Bring our people home and do more to help India

Contributed from Victoria

Indian Australian leaders have condemned the stopping of ordinary people form returning from India, and the threat of huge fines and imprisonment if they try. They have pointed out the hypocrisy, when at the same  time, cricket players  are allowed in on a charter flight. Different rules apply to different  people.

No wonder members of the Indian community in Australia have hit out at what they claim to be racism.

Sydney Sindhi Association President Naveen Nankani said, bringing cricketers home, when so many Australian citizens are in dire situations, is not a good look for Cricket Australia.

India is going through a devastating toll in terms of the numbers infected  and dying from an especially virulent form of Covid-19, and the Prime Minister Narendra Modi government has adopted the Donald Trump style and does little about it. The result is  a catastrophe. That other nations take precautions is hardly surprising.

Photo by Money Sharma/AFP/Getty: Bodies lined up before mass cremation in New Delhi

But to single out one group to be treated differently is wrong. The same was not done to Americans or British when those two countries were leading the world in infection rates.

Australia has the capacity to bring in our own citizens. It is not such a big thing to put them into quarantine on Australian soil. This would threaten no one. It would  be an act of compassion, and who could deny that we need a little more of this?

The failure to do this will leave behind a bitter taste, adding pone more episode that divides Australians into sperate groups, where one is treated as less than others.

Australia could be doing much more to help the people of India. The sending of oxygen is good and  undoubtedly appreciated by those at the receiving end. But Australia could also play a role in encouraging a global and coordinated response. Imagine what a multi-nation task force supporting the collapsing health system and bringing in medical personnel, equipment and medicine could achieve.

Instead of this there is bickering and  manipulation, using the  tragedy for political point scoring.  There is no properly coordinated response. Particularly troubling is the pressure not to accept help form China, which is a next-door neighbour, has the capacity to do a lot, and has offered to do so, free of charge.

Photo by Altarf Qadri/AFP/Getty: Covid Victim waiting for treatment breathing thanks to receiving oxygen

China is accused of using  aid to make itself look good. So what? Other nations could just as easily be accused of doing the same. The point is that this is a crisis and help is  being offered. It is not a time to play political games.
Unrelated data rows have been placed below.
lemma dpsum_tendsto_imp_corner_bounded:
  assumes L: "(dpsum a s u \<longlongrightarrow> L) (sequentially \<times>\<^sub>F sequentially)"
  obtains N where "\<And>p q. p \<ge> N \<Longrightarrow> q \<ge> N \<Longrightarrow>
    cmod (a (Suc p) (Suc q) * of_nat (Suc p) powr (-s) * of_nat (Suc q) powr (-u)) \<le> 2"
proof -
  have "\<forall>\<^sub>F p in sequentially \<times>\<^sub>F sequentially. cmod (dpsum a s u p - L) < 1/2"
    using tendsto_iff[THEN iffD1, OF L, rule_format, of "1/2"] by (simp add: dist_norm)
  then obtain N where N: "\<And>p q. p \<ge> N \<Longrightarrow> q \<ge> N \<Longrightarrow> cmod (dpsum a s u (p, q) - L) < 1/2"
    unfolding eventually_prod_sequentially by blast
  define d where "d p q = dpsum a s u (p, q) - L" for p q
  have "cmod (a (Suc p) (Suc q) * of_nat (Suc p) powr (-s) * of_nat (Suc q) powr (-u)) \<le> 2"
    if "p \<ge> N" "q \<ge> N" for p q
  proof -
    have "a (Suc p) (Suc q) * of_nat (Suc p) powr (-s) * of_nat (Suc q) powr (-u)
        = d (Suc p) (Suc q) - d p (Suc q) - d (Suc p) q + d p q"
      unfolding d_def dpsum_double_difference[symmetric] by simp
    also have "cmod \<dots> \<le> cmod (d (Suc p) (Suc q)) + cmod (d p (Suc q)) + cmod (d (Suc p) q) + cmod (d p q)"
      using norm_triangle_ineq[of "d (Suc p) (Suc q) - d p (Suc q) - d (Suc p) q" "d p q"]
        norm_triangle_ineq4[of "d (Suc p) (Suc q) - d p (Suc q)" "d (Suc p) q"]
        norm_triangle_ineq4[of "d (Suc p) (Suc q)" "d p (Suc q)"]
      by linarith
    also have "\<dots> \<le> 2"
      using N[of "Suc p" "Suc q"] N[of p "Suc q"] N[of "Suc p" q] N[of p q] that unfolding d_def by simp
    finally show ?thesis .
  qed
  then show thesis by (rule that)
qed

lemma regularly_convergent_on_terms_bounded:
  assumes conv: "regularly_convergent_on a D" and "s \<in> D" "u \<in> D"
  obtains C where
    "\<And>m n. m \<ge> 1 \<Longrightarrow> n \<ge> 1 \<Longrightarrow> cmod (a m n * of_nat m powr (-s) * of_nat n powr (-u)) \<le> C"
proof -
  define b where "b m n = a m n * of_nat m powr (-s) * of_nat n powr (-u)" for m n
  have "(\<exists>L. (dpsum a s u \<longlongrightarrow> L) (sequentially \<times>\<^sub>F sequentially))
      \<and> (\<forall>m\<ge>1. summable (\<lambda>n. b m (Suc n))) \<and> (\<forall>n\<ge>1. summable (\<lambda>m. b (Suc m) n))"
    using conv[unfolded regularly_convergent_on_def, rule_format, OF assms(2,3)] unfolding b_def .
  then obtain L where L: "(dpsum a s u \<longlongrightarrow> L) (sequentially \<times>\<^sub>F sequentially)"
    and rows: "\<And>m. m \<ge> 1 \<Longrightarrow> summable (\<lambda>n. b m (Suc n))"
    and cols: "\<And>n. n \<ge> 1 \<Longrightarrow> summable (\<lambda>m. b (Suc m) n)"
    by blast
  obtain N where corner: "\<And>p q. p \<ge> N \<Longrightarrow> q \<ge> N \<Longrightarrow> cmod (b (Suc p) (Suc q)) \<le> 2"
    using dpsum_tendsto_imp_corner_bounded[OF L] unfolding b_def by blast
  have bounded_rows: "bounded (range (\<lambda>n. b m (Suc n)))" if "m \<ge> 1" for m
    using convergent_imp_Bseq[OF convergentI[OF summable_LIMSEQ_zero[OF rows[OF that]]]]
    by (simp add: Bseq_eq_bounded)
  have bounded_cols: "bounded (range (\<lambda>m. b (Suc m) n))" if "n \<ge> 1" for n
    using convergent_imp_Bseq[OF convergentI[OF summable_LIMSEQ_zero[OF cols[OF that]]]]
    by (simp add: Bseq_eq_bounded)
  define B where "B = cball 0 2 \<union> (\<Union>m\<in>{1..N}. range (\<lambda>n. b m (Suc n)))
    \<union> (\<Union>n\<in>{1..N}. range (\<lambda>m. b (Suc m) n))"
  have "bounded B" unfolding B_def using bounded_rows bounded_cols by auto
  then obtain C where C: "\<And>z. z \<in> B \<Longrightarrow> cmod z \<le> C" unfolding bounded_iff by blast
  have "b m n \<in> B" if mn: "m \<ge> 1" "n \<ge> 1" for m n
  proof -
    obtain p q where pq: "m = Suc p" "n = Suc q" using mn by (cases m; cases n) auto
    consider "m \<le> N" | "n \<le> N" | "p \<ge> N" "q \<ge> N" using pq by (cases "m \<le> N"; cases "n \<le> N") auto
    then show ?thesis
    proof cases
      case 1
      have "b m n \<in> range (\<lambda>n. b m (Suc n))" using pq by simp
      then have "b m n \<in> (\<Union>m\<in>{1..N}. range (\<lambda>n. b m (Suc n)))" using 1 mn by (intro UN_I[of m]) auto
      then show ?thesis unfolding B_def by blast
    next
      case 2
      have "b m n \<in> range (\<lambda>m. b (Suc m) n)" using pq by simp
      then have "b m n \<in> (\<Union>n\<in>{1..N}. range (\<lambda>m. b (Suc m) n))" using 2 mn by (intro UN_I[of n]) auto
      then show ?thesis unfolding B_def by blast
    next
      case 3
      then show ?thesis using corner unfolding B_def pq by simp
    qed
  qed
  with C show thesis by (intro that[of C]) (simp add: b_def)
qed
Chinese leader Xi Jinping sent Modi a condolence message in which he said:

“Mankind is a community of common destiny sharing weal and woe and only through unity and cooperation can the nations of the world ultimately overcome the pandemic.”
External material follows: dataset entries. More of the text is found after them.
lemma nn_integral_PiM_prod_measurable_factor:
  fixes g :: "nat \<Rightarrow> 'a \<Rightarrow> ennreal" and n :: nat
  assumes "k < n" and g: "\<And>i. i < n \<Longrightarrow> g i \<in> borel_measurable M"
    and indicator: "\<And>A. A \<in> sets M \<Longrightarrow>
      (\<integral>\<^sup>+x. (\<Prod>i<n. (g(k := indicator A)) i (x i)) \<partial>PiM {..<n} (\<lambda>_. M))
        = (\<Prod>i<n. \<integral>\<^sup>+t. (g(k := indicator A)) i t \<partial>M)"
  shows "(\<integral>\<^sup>+x. (\<Prod>i<n. g i (x i)) \<partial>PiM {..<n} (\<lambda>_. M)) = (\<Prod>i<n. \<integral>\<^sup>+t. g i t \<partial>M)"
proof -
  let ?N = "PiM {..<n} (\<lambda>_. M)"
  let ?R = "\<lambda>x. \<Prod>i\<in>{..<n}-{k}. g i (x i)"
  let ?c = "\<Prod>i\<in>{..<n}-{k}. \<integral>\<^sup>+t. g i t \<partial>M"
  have split: "(\<Prod>i<n. h i) = h k * (\<Prod>i\<in>{..<n}-{k}. h i)" for h :: "nat \<Rightarrow> ennreal"
    using \<open>k < n\<close> by (subst prod.remove[of _ k]) auto
  have R_upd: "(\<Prod>i\<in>{..<n}-{k}. (g(k := h)) i (x i)) = ?R x" for h x
    by (intro prod.cong) auto
  have c_upd: "(\<Prod>i\<in>{..<n}-{k}. \<integral>\<^sup>+t. (g(k := h)) i t \<partial>M) = ?c" for h
    by (intro prod.cong) auto
  have "(\<integral>\<^sup>+x. g k (x k) * ?R x \<partial>?N) = (\<integral>\<^sup>+t. g k t \<partial>M) * ?c"
  proof (rule nn_integral_comp_mult_eq)
    show "(\<lambda>x. x k) \<in> ?N \<rightarrow>\<^sub>M M"
      using \<open>k < n\<close> by simp
    show "?R \<in> borel_measurable ?N"
      using g by measurable
    show "g k \<in> borel_measurable M"
      using g \<open>k < n\<close> .
  next
    fix A assume A: "A \<in> sets M"
    from indicator[OF A] show "(\<integral>\<^sup>+x. indicator A (x k) * ?R x \<partial>?N) = emeasure M A * ?c"
      by (simp only: split fun_upd_same R_upd c_upd nn_integral_indicator[OF A])
  qed
  then show ?thesis
    by (simp only: split)
qed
China is sending 25,000 oxygen concentrators, 5,000 ventilators and 21,000 oxygen generators. Aid has been raised from the Chinese Red Cross, Chinese local governments, non-government organisations, and business enterprises, as well as from the state.
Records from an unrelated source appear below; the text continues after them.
definition type_S :: "ftype \<Rightarrow> ftype \<Rightarrow> bool" where
  "type_S \<Phi> \<Psi> \<longleftrightarrow>
     (\<forall>p. Next p \<in> tplus \<Phi> \<longrightarrow> p \<in> tplus \<Psi>) \<and>
     (\<forall>p. Next p \<in> tminus \<Phi> \<longrightarrow> p \<in> tminus \<Psi>) \<and>
     (\<forall>p. Dia p \<in> tplus \<Phi> \<and> p \<in> tminus \<Phi> \<longrightarrow> Dia p \<in> tplus \<Psi>) \<and>
     (\<forall>p. Dia p \<in> tminus \<Phi> \<longrightarrow> Dia p \<in> tminus \<Psi>)"

definition partial_order_on' :: "'w set \<Rightarrow> ('w \<Rightarrow> 'w \<Rightarrow> bool) \<Rightarrow> bool" where
  "partial_order_on' W le \<longleftrightarrow>
     (\<forall>w\<in>W. le w w) \<and>
     (\<forall>u\<in>W. \<forall>v\<in>W. \<forall>w\<in>W. le u v \<longrightarrow> le v w \<longrightarrow> le u w) \<and>
     (\<forall>u\<in>W. \<forall>v\<in>W. le u v \<longrightarrow> le v u \<longrightarrow> u = v)"

definition labelled_frame ::
  "fm set \<Rightarrow> 'w set \<Rightarrow> ('w \<Rightarrow> 'w \<Rightarrow> bool) \<Rightarrow> ('w \<Rightarrow> ftype) \<Rightarrow> bool" where
  "labelled_frame \<Sigma> W le lab \<longleftrightarrow>
     partial_order_on' W le \<and>
     (\<forall>w\<in>W. is_type \<Sigma> (lab w)) \<and>
     (\<forall>w\<in>W. \<forall>v\<in>W. le w v \<longrightarrow> type_le (lab w) (lab v)) \<and>
     (\<forall>w\<in>W. \<forall>p q. Imp p q \<in> tminus (lab w) \<longrightarrow>
        (\<exists>v\<in>W. le w v \<and> p \<in> tplus (lab v) \<and> q \<in> tminus (lab v)))"

definition forward_confluent ::
  "'w set \<Rightarrow> ('w \<Rightarrow> 'w \<Rightarrow> bool) \<Rightarrow> ('w \<Rightarrow> 'w \<Rightarrow> bool) \<Rightarrow> bool" where
  "forward_confluent W le S \<longleftrightarrow>
     (\<forall>w\<in>W. \<forall>w'\<in>W. \<forall>v\<in>W. le w w' \<and> S w v \<longrightarrow> (\<exists>v'\<in>W. le v v' \<and> S w' v'))"

definition sensible :: "'w set \<Rightarrow> ('w \<Rightarrow> 'w \<Rightarrow> bool) \<Rightarrow> ('w \<Rightarrow> ftype) \<Rightarrow> bool" where
  "sensible W S lab \<longleftrightarrow> (\<forall>w\<in>W. \<forall>v\<in>W. S w v \<longrightarrow> type_S (lab w) (lab v))"

definition weak_quasimodel ::
  "fm set \<Rightarrow> 'w set \<Rightarrow> ('w \<Rightarrow> 'w \<Rightarrow> bool) \<Rightarrow> ('w \<Rightarrow> 'w \<Rightarrow> bool) \<Rightarrow> ('w \<Rightarrow> ftype) \<Rightarrow> bool" where
  "weak_quasimodel \<Sigma> W le S lab \<longleftrightarrow>
     labelled_frame \<Sigma> W le lab \<and> forward_confluent W le S \<and> sensible W S lab"

definition deterministic :: "'w set \<Rightarrow> ('w \<Rightarrow> 'w \<Rightarrow> bool) \<Rightarrow> bool" where
  "deterministic W S \<longleftrightarrow> (\<forall>w\<in>W. \<exists>!v. v \<in> W \<and> S w v)"

definition Wc :: "ftype set" where "Wc = {\<Phi>. prime_type \<Phi>}"
definition le_c :: "ftype \<Rightarrow> ftype \<Rightarrow> bool" where "le_c = type_le"
definition S_c :: "ftype \<Rightarrow> ftype \<Rightarrow> bool" where "S_c = type_S"
definition l_c :: "ftype \<Rightarrow> ftype" where "l_c = id"

end

theory Submission
  imports Defs
begin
Although the United States is sending aid, there  is a refusal to sending ingredients to enable India to manufacture its own vaccines. Why? The official reason is that the American people are being looked after first. The real reason is that there is a deal to help pharmaceutical companies – Pfizer, Moderna, Johnson and Johnson, and AstraZeneca  – to maintain monopoly control over the supply of vaccines.

Photo by Prakash Solanki/AP/Getty: Young victim being brought in for help

According to Oxfam, just three of these companies, Pfizer, Johnson and Johnson and AstraZeneca, have made a fortune in the last year and paid shareholders $US26 billion. They are profiteering from the pandemic.

Estimates are that Pfizer, Johnson and Johnson and AstraZeneca combined have paid out US$26 billion in dividends and stock buy backs to shareholders in the past year. Governments should not permit this, especially since much of the research cost, $US12 billion put in by governments came from taxpayers.

Australia is playing along with this handout to the pharmaceutical companies and the aid related political games. It must stop.